**Activity**
Each line of the data that mentions the string "symmetric" needs to be identified and copied.

**Source records**
#####
lemma lw_factor_eq_iff:
  "exp (\<i> * of_real (k * real L)) = lw_factor U phi y k \<longleftrightarrow> sin (k * real L / 2) \<noteq> 0 \<and> lam k = y"
  unfolding lw_factor_def using U_pos
  by (subst exp_ii_eq_cayley_iff) (auto simp: lam_def algebra_simps)

lemma lw_real_solutions_iff:
  "(K, y) \<in> lw_real_solutions L N U phi \<longleftrightarrow>
     finite K \<and> card K = N \<and> K \<subseteq> {0..<2 * pi} \<and>
     (\<forall>k\<in>K. sin (k * real L / 2) \<noteq> 0 \<and> lam k = y) \<and>
     (\<exists>n::int. real L * (\<Sum>K) = 2 * pi * of_int n)"
proof -
  have "(\<Prod>k\<in>K. lw_factor U phi y k) = 1 \<longleftrightarrow> (\<exists>n::int. real L * (\<Sum>K) = 2 * pi * of_int n)"
    if "finite K" "\<forall>k\<in>K. sin (k * real L / 2) \<noteq> 0 \<and> lam k = y"
  proof -
    have "(\<Prod>k\<in>K. lw_factor U phi y k) = (\<Prod>k\<in>K. exp (\<i> * of_real (k * real L)))"
      using that(2) lw_factor_eq_iff by (intro prod.cong refl) metis
    then show ?thesis
      using prod_exp_ii_eq_1_iff[OF that(1), of "real L"] by simp
  qed
  then show ?thesis
    unfolding lw_real_solutions_def using lw_factor_eq_iff by auto
qed

definition grid :: "nat \<Rightarrow> real" where
  "grid j = 2 * pi * real j / real L"

abbreviation cell :: "nat \<Rightarrow> real set" where
  "cell j \<equiv> {grid j<..<grid (Suc j)}"

lemma mem_cell_iff: "k \<in> cell j \<longleftrightarrow> real j * pi < k * real L / 2 \<and> k * real L / 2 < real j * pi + pi"
  using L_pos by (auto simp: grid_def field_simps)

lemma sin_nonzero_on_cell:
  assumes "k \<in> cell j"
  shows "sin (k * real L / 2) \<noteq> 0"
proof -
  define x where "x = k * real L / 2 - real j * pi"
  have "0 < x" "x < pi" using assms[unfolded mem_cell_iff] by (auto simp: x_def)
  then have "sin x \<noteq> 0" using sin_gt_zero by force
  moreover have "sin (k * real L / 2) = (-1) ^ j * sin x"
    using sin_add[of x "real j * pi"] by (simp add: x_def)
  ultimately show ?thesis by simp
qed

lemma cell_disjoint:
  assumes "k \<in> cell i" "k \<in> cell j"
  shows "i = j"
proof -
  have "real i * pi < (real j + 1) * pi" "real j * pi < (real i + 1) * pi"
    using assms[unfolded mem_cell_iff] by (simp_all add: algebra_simps)
  then have "real i < real j + 1" "real j < real i + 1"
    by (simp_all only: mult_less_cancel_right pi_gt_zero) simp_all
  then show ?thesis by linarith
qed

lemma cell_subset:
  assumes "j < L"
  shows "cell j \<subseteq> {0..<2 * pi}"
proof -
  have "2 * pi * real (Suc j) \<le> 2 * pi * real L"
    using assms by (intro mult_left_mono) auto
  then have "0 \<le> grid j" "grid (Suc j) \<le> 2 * pi"
    using L_pos by (auto simp: grid_def divide_le_eq)
  then show ?thesis by auto
qed

lemma in_cell_if_sin_nonzero:
  assumes "k \<in> {0..<2 * pi}" "sin (k * real L / 2) \<noteq> 0"
  obtains j where "j < L" "k \<in> cell j"
proof
  define t where "t = k * real L / (2 * pi)"
  have t: "0 \<le> t" "t < real L"
    using assms(1) L_pos by (auto simp: t_def field_simps)
  show "nat \<lfloor>t\<rfloor> < L"
    using t by linarith
  have "real (nat \<lfloor>t\<rfloor>) * pi \<noteq> k * real L / 2"
    using assms(2) by (metis sin_npi)
  moreover have "real (nat \<lfloor>t\<rfloor>) \<le> t" "t < real (nat \<lfloor>t\<rfloor>) + 1"
    using t by linarith+
  ultimately show "k \<in> cell (nat \<lfloor>t\<rfloor>)"
    unfolding mem_cell_iff t_def by (auto simp: field_simps)
qed

lemma DERIV_lam:
  assumes "sin (k * real L / 2) \<noteq> 0"
  shows "DERIV lam k :> cos (k + phi) + U * real L / (8 * (sin (k * real L / 2))\<^sup>2)"
proof -
  have "DERIV (\<lambda>k. cot (k * real L / 2)) k :> - inverse ((sin (k * real L / 2))\<^sup>2) * (real L / 2)"
    by (rule DERIV_chain2[where g = "\<lambda>k. k * real L / 2", OF DERIV_cot[OF assms]])
      (auto intro!: derivative_eq_intros)
  then have "DERIV lam k :> cos (k + phi) * 1 - U / 4 * (- inverse ((sin (k * real L / 2))\<^sup>2) * (real L / 2))"
    unfolding lam_def[abs_def] by (auto intro!: derivative_eq_intros)
  then show ?thesis by (simp add: field_simps)
qed

text \<open>The hypothesis \<open>U L > 8\<close> is used only here: it beats the slope \<open>-1\<close> of the sine term.\<close>
lemma DERIV_lam_pos:
  assumes "sin (k * real L / 2) \<noteq> 0"
  shows "0 < cos (k + phi) + U * real L / (8 * (sin (k * real L / 2))\<^sup>2)"
proof -
  have s: "0 < (sin (k * real L / 2))\<^sup>2" "(sin (k * real L / 2))\<^sup>2 \<le> 1"
    using assms by (simp_all add: abs_square_le_1)
  have "1 < U * real L / 8"
    using UL_gt_8 by simp
  also have "\<dots> \<le> U * real L / (8 * (sin (k * real L / 2))\<^sup>2)"
    using s U_pos L_pos by (simp add: le_divide_eq mult_left_le)
  finally show ?thesis
    using cos_ge_minus_one[of "k + phi"] by linarith
qed

lemma strict_mono_on_lam: "strict_mono_on (cell j) lam"
proof (rule strict_mono_onI)
  fix k1 k2 assume "k1 \<in> cell j" "k2 \<in> cell j" "k1 < k2"
  then have "x \<in> cell j" if "k1 \<le> x" "x \<le> k2" for x
    using that by auto
  then show "lam k1 < lam k2"
    using DERIV_lam DERIV_lam_pos sin_nonzero_on_cell \<open>k1 < k2\<close>
    by (metis DERIV_pos_imp_increasing)
qed

lemma isCont_lam: "k \<in> cell j \<Longrightarrow> isCont lam k"
  using DERIV_lam sin_nonzero_on_cell DERIV_isCont by blast

lemma lam_cell_onto: "lam ` cell j = UNIV"
proof (rule subset_antisym[OF subset_UNIV subsetI])
  fix y
  define M where "M = 4 * (\<bar>y\<bar> + 2) / U"
  define x where "x = arctan (1 / M)"
  have "0 < M" using U_pos by (simp add: M_def)
  then have x: "0 < x" "x < pi / 2" "cot x = M"
    using arctan_ubound[of "1 / M"] by (simp_all add: x_def cot_altdef tan_arctan)
  \<comment> \<open>points of the cell where \<open>cot (k L / 2)\<close> equals \<open>M\<close> and \<open>-M\<close>\<close>
  define a b where "a = 2 * (real j * pi + x) / real L" and "b = 2 * (real j * pi + pi - x) / real L"
  have aL: "a * real L / 2 = x + real j * pi" and bL: "b * real L / 2 = - x + real (Suc j) * pi"
    using L_pos by (simp_all add: a_def b_def field_simps)
  have "a * real L / 2 < b * real L / 2"
    unfolding aL bL using x by (simp add: algebra_simps)
  then have "a < b"
    using L_pos by (simp add: mult_less_cancel_right)
  have ab: "{a..b} \<subseteq> cell j"
  proof
    fix k assume "k \<in> {a..b}"
    then have "a * real L / 2 \<le> k * real L / 2" "k * real L / 2 \<le> b * real L / 2"
      by (simp_all add: mult_right_mono)
    then show "k \<in> cell j"
      unfolding mem_cell_iff aL bL using x by (simp add: algebra_simps)
  qed
  have "U / 4 * M = \<bar>y\<bar> + 2"
    using U_pos by (simp add: M_def)
  then have "lam a = sin (a + phi) - (\<bar>y\<bar> + 2)" "lam b = sin (b + phi) + (\<bar>y\<bar> + 2)"
    unfolding lam_def aL bL cot_add_npi cot_minus x(3) by (simp_all only: mult_minus_right diff_minus_eq_add)
  then have "lam a \<le> y" "y \<le> lam b"
    using sin_le_one[of "a + phi"] sin_ge_minus_one[of "b + phi"] by linarith+
  then obtain k where "a \<le> k" "k \<le> b" "lam k = y"
    using IVT[of lam a y b] \<open>a < b\<close> ab isCont_lam by (meson atLeastAtMost_iff less_imp_le subsetD)
  with ab show "y \<in> lam ` cell j" by auto
qed

lemma increasing_onto_lam: "increasing_onto lam (grid j) (grid (Suc j))"
  by unfold_locales
    (simp_all add: strict_mono_on_lam lam_cell_onto continuous_at_imp_continuous_on isCont_lam)

definition momentum :: "nat \<Rightarrow> real \<Rightarrow> real" where
  "momentum j = increasing_onto.inv_f lam (grid j) (grid (Suc j))"

lemmas momentum_in_cell = increasing_onto.inv_f_in[OF increasing_onto_lam, folded momentum_def]
lemmas lam_momentum = increasing_onto.f_inv_f[OF increasing_onto_lam, folded momentum_def]
lemmas momentum_eqI = increasing_onto.inv_f_eqI[OF increasing_onto_lam, folded momentum_def]
lemmas strict_mono_momentum = increasing_onto.strict_mono_inv_f[OF increasing_onto_lam, folded momentum_def]
lemmas isCont_momentum = increasing_onto.isCont_inv_f[OF increasing_onto_lam, folded momentum_def]
lemmas momentum_tendsto_at_bot =
  increasing_onto.inv_f_tendsto_at_bot[OF increasing_onto_lam, folded momentum_def]
lemmas momentum_tendsto_at_top =
  increasing_onto.inv_f_tendsto_at_top[OF increasing_onto_lam, folded momentum_def]

lemma inj_on_momentum: "inj_on (\<lambda>j. momentum j y) S"
  by (rule inj_onI) (metis cell_disjoint momentum_in_cell)

definition momentum_sum :: "nat set \<Rightarrow> real \<Rightarrow> real" where
  "momentum_sum S y = (\<Sum>j\<in>S. momentum j y)"

lemma strict_mono_momentum_sum:
  "finite S \<Longrightarrow> S \<noteq> {} \<Longrightarrow> strict_mono (momentum_sum S)"
  unfolding momentum_sum_def
  by (intro strict_monoI sum_strict_mono) (auto intro: strict_monoD[OF strict_mono_momentum])

lemma sum_grid: "(\<Sum>j\<in>S. grid j) = 2 * pi * real (\<Sum>S) / real L"
  unfolding grid_def by (simp add: sum_divide_distrib[symmetric] sum_distrib_left[symmetric])

lemma sum_grid_Suc: "(\<Sum>j\<in>S. grid (Suc j)) = 2 * pi * (real (\<Sum>S) + real (card S)) / real L"
  unfolding grid_def by (simp add: sum_divide_distrib[symmetric] sum_distrib_left[symmetric] sum.distrib)

lemma range_momentum_sum:
  assumes "finite S" "S \<noteq> {}"
  shows "range (momentum_sum S) = {(\<Sum>j\<in>S. grid j)<..<(\<Sum>j\<in>S. grid (Suc j))}"
proof (intro subset_antisym subsetI)
  fix c assume "c \<in> range (momentum_sum S)"
  then show "c \<in> {(\<Sum>j\<in>S. grid j)<..<(\<Sum>j\<in>S. grid (Suc j))}"
    using assms momentum_in_cell
    by (auto simp: momentum_sum_def intro!: sum_strict_mono)
next
  fix c assume c: "c \<in> {(\<Sum>j\<in>S. grid j)<..<(\<Sum>j\<in>S. grid (Suc j))}"
  have "(momentum_sum S \<longlongrightarrow> (\<Sum>j\<in>S. grid j)) at_bot"
    unfolding momentum_sum_def[abs_def] by (intro tendsto_sum momentum_tendsto_at_bot)
  moreover have "(momentum_sum S \<longlongrightarrow> (\<Sum>j\<in>S. grid (Suc j))) at_top"
    unfolding momentum_sum_def[abs_def] by (intro tendsto_sum momentum_tendsto_at_top)
  moreover have "isCont (momentum_sum S) y" for y
    unfolding momentum_sum_def[abs_def] by (intro isCont_sum ballI isCont_momentum)
  ultimately obtain y where "momentum_sum S y = c"
    using IVT_at_bot_at_top c by (metis greaterThanLessThan_iff)
  then show "c \<in> range (momentum_sum S)" by blast
qed

definition admissible_rapidities :: "nat set \<Rightarrow> real set" where
  "admissible_rapidities S = {y. \<exists>n::int. real L * momentum_sum S y = 2 * pi * of_int n}"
#####
**Exercise answer**
  unfolding grid_def by (simp add: sum_divide_distrib[symmetric] sum_distrib_left[symmetric])
  unfolding grid_def by (simp add: sum_divide_distrib[symmetric] sum_distrib_left[symmetric] sum.distrib)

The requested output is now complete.